**What is expected**
Locate the string "longleftrightarrow" in the records below. Copy every line where it occurs.

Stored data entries
[Start of section]

lemma convex_combinations_eq_imp_eq:
  fixes x x' y y' s :: real
  assumes "0 < s" "s < 1" "(1 - s) * x + s * y = (1 - s) * x' + s * y'"
    and "\<not> (x < x' \<and> y' < y)" "\<not> (x' < x \<and> y < y')"
  shows "x = x' \<and> y = y'"
proof -
  have sum: "(1 - s) * (x - x') + s * (y - y') = 0" using assms(3) by (simp add: algebra_simps)
  have "\<not> x' < x"
  proof
    assume "x' < x"
    then have "0 < (1 - s) * (x - x')" "0 \<le> s * (y - y')" using assms(1,2,5) by simp_all
    with sum show False by linarith
  qed
  moreover have "\<not> x < x'"
  proof
    assume "x < x'"
    then have "(1 - s) * (x - x') < 0" "s * (y - y') \<le> 0"
      using assms(1,2,4) by (simp_all add: mult_pos_neg mult_nonneg_nonpos)
    with sum show False by linarith
  qed
  ultimately have "x = x'" by simp
  with sum assms(1) show ?thesis by simp
qed

lemma arcs_disjoint_in_strips:
  assumes arc: "arc S Q k l" and arc': "arc S Q k' l'" and ne: "{k, l} \<noteq> {k', l'}"
    and "Edg a b s t \<in> arc_seg S k l" "Edg a b s t \<in> arc_seg S k' l'"
  shows False
proof -
  obtain \<alpha> \<beta> where ends: "{k, l} = {\<alpha>, \<beta>}" "S \<alpha> = a" "S \<beta> = b" "a < b" "0 < s" "s < 1"
      and t: "t = (1 - s) * of_int \<alpha> + s * of_int \<beta>"
    using Edg_in_arc_seg[OF assms(4)] by blast
  obtain \<alpha>' \<beta>' where ends': "{k', l'} = {\<alpha>', \<beta>'}" "S \<alpha>' = a" "S \<beta>' = b"
      and t': "t = (1 - s) * of_int \<alpha>' + s * of_int \<beta>'"
    using Edg_in_arc_seg[OF assms(5)] by blast
  have "a \<noteq> b" using ends(4) by simp
  have "\<not> (\<alpha> < \<alpha>' \<and> \<beta>' < \<beta>)"
    by (rule arcs_not_interleaved[OF arc ends(1) arc' ends'(1) ends(2) ends'(2) ends(3) ends'(3)]) fact
  moreover have "\<not> (\<alpha>' < \<alpha> \<and> \<beta> < \<beta>')"
    by (rule arcs_not_interleaved[OF arc' ends'(1) arc ends(1) ends'(2) ends(2) ends'(3) ends(3)]) fact
  moreover have "(1 - s) * of_int \<alpha> + s * of_int \<beta> = (1 - s) * of_int \<alpha>' + s * (of_int \<beta>' :: real)"
    using t t' by linarith
  ultimately have "of_int \<alpha> = (of_int \<alpha>' :: real) \<and> of_int \<beta> = (of_int \<beta>' :: real)"
    by (intro convex_combinations_eq_imp_eq[OF ends(5,6)]) simp_all
  then have "\<alpha> = \<alpha>'" "\<beta> = \<beta>'" by simp_all
  with ends(1) ends'(1) ne show False by simp
qed

lemma arcs_meet_at_common_end:
  assumes "arc S Q k l" "arc S Q k' l'" "{k, l} \<noteq> {k', l'}"
    and "z \<in> arc_seg S k l" "z \<in> arc_seg S k' l'"
  shows "\<exists>e\<in>{k, l} \<inter> {k', l'}. z = Str (S e) (of_int e)"
proof (cases z)
  case (Str x t)
  then show ?thesis using arcs_meet_on_string[OF assms(1-3)] assms(4,5) by blast
next
  case (Edg a b s t)
  then show ?thesis using arcs_disjoint_in_strips[OF assms(1-3)] assms(4,5) by blast
qed

definition string_at :: "int list \<Rightarrow> int \<Rightarrow> nat" where
  "string_at w k = nat \<bar>letter w k\<bar>"

lemma string_at_eq_iff: "string_at w k = string_at w l \<longleftrightarrow> \<bar>letter w k\<bar> = \<bar>letter w l\<bar>"
  unfolding string_at_def by (simp add: eq_nat_nat_iff)

lemma nxt_le:
  assumes "k < e" "e \<in> qv_set r (length w)" "\<bar>letter w e\<bar> = \<bar>letter w k\<bar>"
  shows "nxt r w k \<le> e"
proof -
  define P where "P l \<longleftrightarrow> l \<in> qv_set r (length w) \<and> k < l \<and> \<bar>letter w l\<bar> = \<bar>letter w k\<bar>" for l
  have "P e" using assms unfolding P_def by simp
  have fin: "finite (Collect P)" unfolding P_def qv_set_def by simp
  have "(LEAST l. P l) = Min (Collect P)"
    by (rule Least_equality) (use Min_in[OF fin] Min_le[OF fin] \<open>P e\<close> in auto)
  moreover have "nxt r w k = (LEAST l. P l)" using \<open>P e\<close> unfolding nxt_def P_def by auto
  ultimately show ?thesis using Min_le[OF fin] \<open>P e\<close> by simp
qed

lemma bfz_conn_le_nxt: "bfz_conn r A w k l \<Longrightarrow> l \<le> nxt r w k"
  unfolding bfz_conn_def horiz_def incl_def by auto

lemma arc_if_bfz_conn:
  assumes "k < l" "k \<in> qv_set r (length w)" "l \<in> qv_set r (length w)" "bfz_conn r A w k l"
  shows "arc (string_at w) (qv_set r (length w)) k l"
proof -
  have "l \<le> e" if "e \<in> qv_set r (length w)" "string_at w e = string_at w k" "k < e" for e
  proof -
    have "nxt r w k \<le> e" using nxt_le that string_at_eq_iff by metis
    then show ?thesis using bfz_conn_le_nxt[OF assms(4)] by simp
  qed
  with assms(1-3) show ?thesis unfolding arc_def by blast
qed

[End of section]

**Output for this task**
lemma string_at_eq_iff: "string_at w k = string_at w l \<longleftrightarrow> \<bar>letter w k\<bar> = \<bar>letter w l\<bar>"
  define P where "P l \<longleftrightarrow> l \<in> qv_set r (length w) \<and> k < l \<and> \<bar>letter w l\<bar> = \<bar>letter w k\<bar>" for l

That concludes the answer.